(How to complete this task):
Search the listing below for the line containing "proof (rule type_recursion_zero[where". From there through the line containing "z / real b') *", transcribe every line exactly, both ends included.

(Exercise data):
lemma eigen_eq_iff_eigen_recursion:
  assumes "h \<ge> 2" "r * z = 1"
  shows "(\<forall>s\<in>set (hh_states h). (\<Sum>t\<in>set (hh_states h). phi_entry h lG lL g s t * w t)
        = r * (w s - (\<Sum>t\<in>set (hh_states h). p_entry lL g s t * w t)))
    \<longleftrightarrow> eigen_recursion h lG lL g z w"
proof -
  have scale: "X = r * Y \<longleftrightarrow> Y = z * X" for X Y
    using assms(2) by (auto simp: algebra_simps)
  have cancel: "r * (z * X) = X" for X
    using assms(2) by (simp add: mult.assoc[symmetric])
  have "(\<forall>s\<in>set (hh_states h). E s) \<longleftrightarrow>
      E (0, 1) \<and> (\<forall>a b. 1 \<le> a \<longrightarrow> 1 \<le> b \<longrightarrow> a + b \<le> h \<longrightarrow> E (a, b))" for E
    unfolding set_hh_states by auto
  then show ?thesis
    using phi_entry_amalgamated_row_sum[OF assms(1)] p_entry_amalgamated_row_sum
      phi_entry_row_sum[OF assms(1)] p_entry_row_sum
    unfolding eigen_recursion_def by (simp add: scale algebra_simps add_divide_distrib cancel)
qed

lemma lineage_gf_type_rec:
  assumes "1 \<le> a" "1 \<le> b"
  shows "lineage_gf z lL g a b = g / (real b * (real a * lL + g))
    + infect_prob lL g a * (1 + z / real b) * case_prod (lineage_gf z lL g) (infected_type a b)
    + other_recovery_prob lL g a b * lineage_gf z lL g a (b - 1)"
  using lineage_gf_rec[of a b z lL g] assms
  unfolding infect_prob_def other_recovery_prob_def infected_type_def
  by (cases "a = 1") (auto simp: algebra_simps)

lemma eigen_recursion_lineage_gf:
  assumes "g \<noteq> 0" and root: "z * lG / g * lineage_gf z lL g (h - 1) 1 = 1"
  shows "eigen_recursion h lG lL g z (case_prod (lineage_gf z lL g))"
  unfolding eigen_recursion_def
proof (intro conjI allI impI)
  show "case_prod (lineage_gf z lL g) (0, 1) = z * lG / g * case_prod (lineage_gf z lL g) (h - 1, 1)"
    using root by simp
  have "z * lG * lineage_gf z lL g (h - 1) 1 = g"
    using root assms(1) by (simp add: field_simps)
  then have source: "z * lG / (real b * (real a * lL + g)) * lineage_gf z lL g (h - 1) 1
      = g / (real b * (real a * lL + g))" for a b
    by (simp only: times_divide_eq_left)
  fix a b
  assume "1 \<le> a" "1 \<le> b" "a + b \<le> h"
  then show "case_prod (lineage_gf z lL g) (a, b) =
      infect_prob lL g a * (1 + z / real b) * case_prod (lineage_gf z lL g) (infected_type a b)
      + other_recovery_prob lL g a b * case_prod (lineage_gf z lL g) (a, b - 1)
      + z * lG / (real b * (real a * lL + g)) * case_prod (lineage_gf z lL g) (h - 1, 1)"
    unfolding case_prod_conv source using lineage_gf_type_rec[of a b z lL g] by linarith
qed

text \<open>The inhomogeneous term of the recursion for \<open>lineage_gf\<close> is matched by that of
  \<open>eigen_recursion\<close> after scaling by \<open>K\<close>, so \<open>w - K * lineage_gf\<close> solves the homogeneous
  triangular recursion and vanishes.\<close>

lemma eigen_recursion_eq_lineage_gf:
  assumes "eigen_recursion h lG lL g z w" "g \<noteq> 0" "s \<in> set (hh_states h)"
  shows "w s = z * lG / g * w (h - 1, 1) * case_prod (lineage_gf z lL g) s"
proof -
  define K where "K = z * lG / g * w (h - 1, 1)"
  define V where "V = case_prod (lineage_gf z lL g)"
  have w01: "w (0, 1) = K"
    using assms(1) unfolding eigen_recursion_def K_def by blast
  have w_rec: "w (a, b) = infect_prob lL g a * (1 + z / real b) * w (infected_type a b)
        + other_recovery_prob lL g a b * w (a, b - 1)
        + z * lG / (real b * (real a * lL + g)) * w (h - 1, 1)"
    if "1 \<le> a" "1 \<le> b" "a + b \<le> h" for a b
    using assms(1) that unfolding eigen_recursion_def by blast
  have Kg: "K * g = z * lG * w (h - 1, 1)"
    unfolding K_def using assms(2) by simp
  have zero: "w (a, b) - K * V (a, b) = 0" if "1 \<le> a" "1 \<le> b" "a + b \<le> h" for a b
  proof (rule type_recursion_zero[where x = "\<lambda>t. w t - K * V t", OF _ _ _ that])
    show "w (0, 1) - K * V (0, 1) = 0"
      unfolding w01 V_def by simp
    show "w (a', b') - K * V (a', b') = infect_prob lL g a' * (1 + z / real b') *
        (w (infected_type a' b') - K * V (infected_type a' b'))
        + other_recovery_prob lL g a' b' * (w (a', b' - 1) - K * V (a', b' - 1))"
      if "1 \<le> a'" "1 \<le> b'" "a' + b' \<le> h" for a' b'
      using Kg unfolding w_rec[OF that] V_def lineage_gf_type_rec[OF that(1,2)] case_prod_conv
      by (simp add: algebra_simps add_divide_distrib)
    show "other_recovery_prob lL g a' 1 = 0" for a'
      unfolding other_recovery_prob_def by simp
  qed
  show ?thesis
    using assms(3)
  proof (cases rule: hh_states_cases)
    case 1
    then show ?thesis
      using w01 unfolding K_def by simp
  next
    case (2 a b)
    then show ?thesis
      using zero[OF 2(2-4)] unfolding K_def V_def by simp
  qed
qed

(Solved exercise):
  proof (rule type_recursion_zero[where x = "\<lambda>t. w t - K * V t", OF _ _ _ that])
    show "w (0, 1) - K * V (0, 1) = 0"
      unfolding w01 V_def by simp
    show "w (a', b') - K * V (a', b') = infect_prob lL g a' * (1 + z / real b') *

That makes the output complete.